Collected data:
(* Let $\Phi$ be a real, additive gain graph of order $n$, let $d<n-1$, and let $Q_1,\dots,Q_n\in\mathbb{E}^d$ affinely span $\mathbb{E}^d$ (with $Q_i\neq Q_j$ whenever $i,j$ are adjacent). Then there exist affinely independent points $Q'_1,\dots,Q'_n\in\mathbb{E}^{n-1}$ and a $d$-flat $t$ of $\mathbb{E}^{n-1}$, with $\mathbb{E}^d$ identified isometrically with $t$, such that $\mathcal{H}(\Phi;\mathbf{Q})=\mathcal{H}(\Phi;\mathbf{Q}')^t$.
   Context: A real, additive gain graph $\Phi$ on $\{1,\dots,n\}$: finite graph (multiple edges allowed, every edge with two distinct endpoints) with gains $\phi(e;i,j)\in\mathbb{R}$, $\phi(e;j,i)=-\phi(e;i,j)$. With $\psi_{ij}(P)=d(P,Q_i)^2-d(P,Q_j)^2$, $\mathcal{H}(\Phi;\mathbf{Q})$ consists of the hyperplanes $h(e)=\{P:\psi_{ij}(P)=\phi(e;i,j)\}$ (in the Euclidean space containing the reference points), one per edge $e$ with endpoints $i,j$. For an arrangement $\mathcal{H}$ and affine flat $t$, $\mathcal{H}^t=\{h\cap t:h\in\mathcal{H},\ h\not\supseteq t,\ h\cap t\neq\emptyset\}$. *)

theory Defs
  imports "HOL-Analysis.Analysis"
begin

text \<open>A real additive gain graph on vertices {1..n}: a finite set E of edges
(of an arbitrary edge type, so multiple edges are allowed); each edge e has an
ordered pair of distinct endpoints ends e = (i,j), and gain phi e = phi(e;i,j).
The gain for the reverse orientation is implicitly -phi e (additive gains).\<close>
definition gain_graph :: "nat \<Rightarrow> 'e set \<Rightarrow> ('e \<Rightarrow> nat \<times> nat) \<Rightarrow> bool" where
  "gain_graph n E ends \<longleftrightarrow> finite E \<and>
     (\<forall>e\<in>E. fst (ends e) \<in> {1..n} \<and> snd (ends e) \<in> {1..n} \<and> fst (ends e) \<noteq> snd (ends e))"

definition adjacent :: "'e set \<Rightarrow> ('e \<Rightarrow> nat \<times> nat) \<Rightarrow> nat \<Rightarrow> nat \<Rightarrow> bool" where
  "adjacent E ends i j \<longleftrightarrow> (\<exists>e\<in>E. ends e = (i, j) \<or> ends e = (j, i))"

definition psi :: "(nat \<Rightarrow> 'a::real_normed_vector) \<Rightarrow> nat \<Rightarrow> nat \<Rightarrow> 'a \<Rightarrow> real" where
  "psi Q i j P = (dist P (Q i))\<^sup>2 - (dist P (Q j))\<^sup>2"

definition gain_hyperplane ::
    "('e \<Rightarrow> nat \<times> nat) \<Rightarrow> ('e \<Rightarrow> real) \<Rightarrow> (nat \<Rightarrow> 'a::real_normed_vector) \<Rightarrow> 'e \<Rightarrow> 'a set" where
  "gain_hyperplane ends phi Q e = {P. psi Q (fst (ends e)) (snd (ends e)) P = phi e}"

definition gain_arrangement ::
    "'e set \<Rightarrow> ('e \<Rightarrow> nat \<times> nat) \<Rightarrow> ('e \<Rightarrow> real) \<Rightarrow> (nat \<Rightarrow> 'a::real_normed_vector) \<Rightarrow> 'a set set" where
  "gain_arrangement E ends phi Q = gain_hyperplane ends phi Q ` E"

definition restrict_arr :: "'a set set \<Rightarrow> 'a set \<Rightarrow> 'a set set" where
  "restrict_arr H t = {h \<inter> t | h. h \<in> H \<and> \<not> t \<subseteq> h \<and> h \<inter> t \<noteq> {}}"

end

theory Submission
  imports Defs
begin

* Problem to work on *
Copy each line from the data above that includes "mathcal".

* Expected answer *
(* Let $\Phi$ be a real, additive gain graph of order $n$, let $d<n-1$, and let $Q_1,\dots,Q_n\in\mathbb{E}^d$ affinely span $\mathbb{E}^d$ (with $Q_i\neq Q_j$ whenever $i,j$ are adjacent). Then there exist affinely independent points $Q'_1,\dots,Q'_n\in\mathbb{E}^{n-1}$ and a $d$-flat $t$ of $\mathbb{E}^{n-1}$, with $\mathbb{E}^d$ identified isometrically with $t$, such that $\mathcal{H}(\Phi;\mathbf{Q})=\mathcal{H}(\Phi;\mathbf{Q}')^t$.
   Context: A real, additive gain graph $\Phi$ on $\{1,\dots,n\}$: finite graph (multiple edges allowed, every edge with two distinct endpoints) with gains $\phi(e;i,j)\in\mathbb{R}$, $\phi(e;j,i)=-\phi(e;i,j)$. With $\psi_{ij}(P)=d(P,Q_i)^2-d(P,Q_j)^2$, $\mathcal{H}(\Phi;\mathbf{Q})$ consists of the hyperplanes $h(e)=\{P:\psi_{ij}(P)=\phi(e;i,j)\}$ (in the Euclidean space containing the reference points), one per edge $e$ with endpoints $i,j$. For an arrangement $\mathcal{H}$ and affine flat $t$, $\mathcal{H}^t=\{h\cap t:h\in\mathcal{H},\ h\not\supseteq t,\ h\cap t\neq\emptyset\}$. *)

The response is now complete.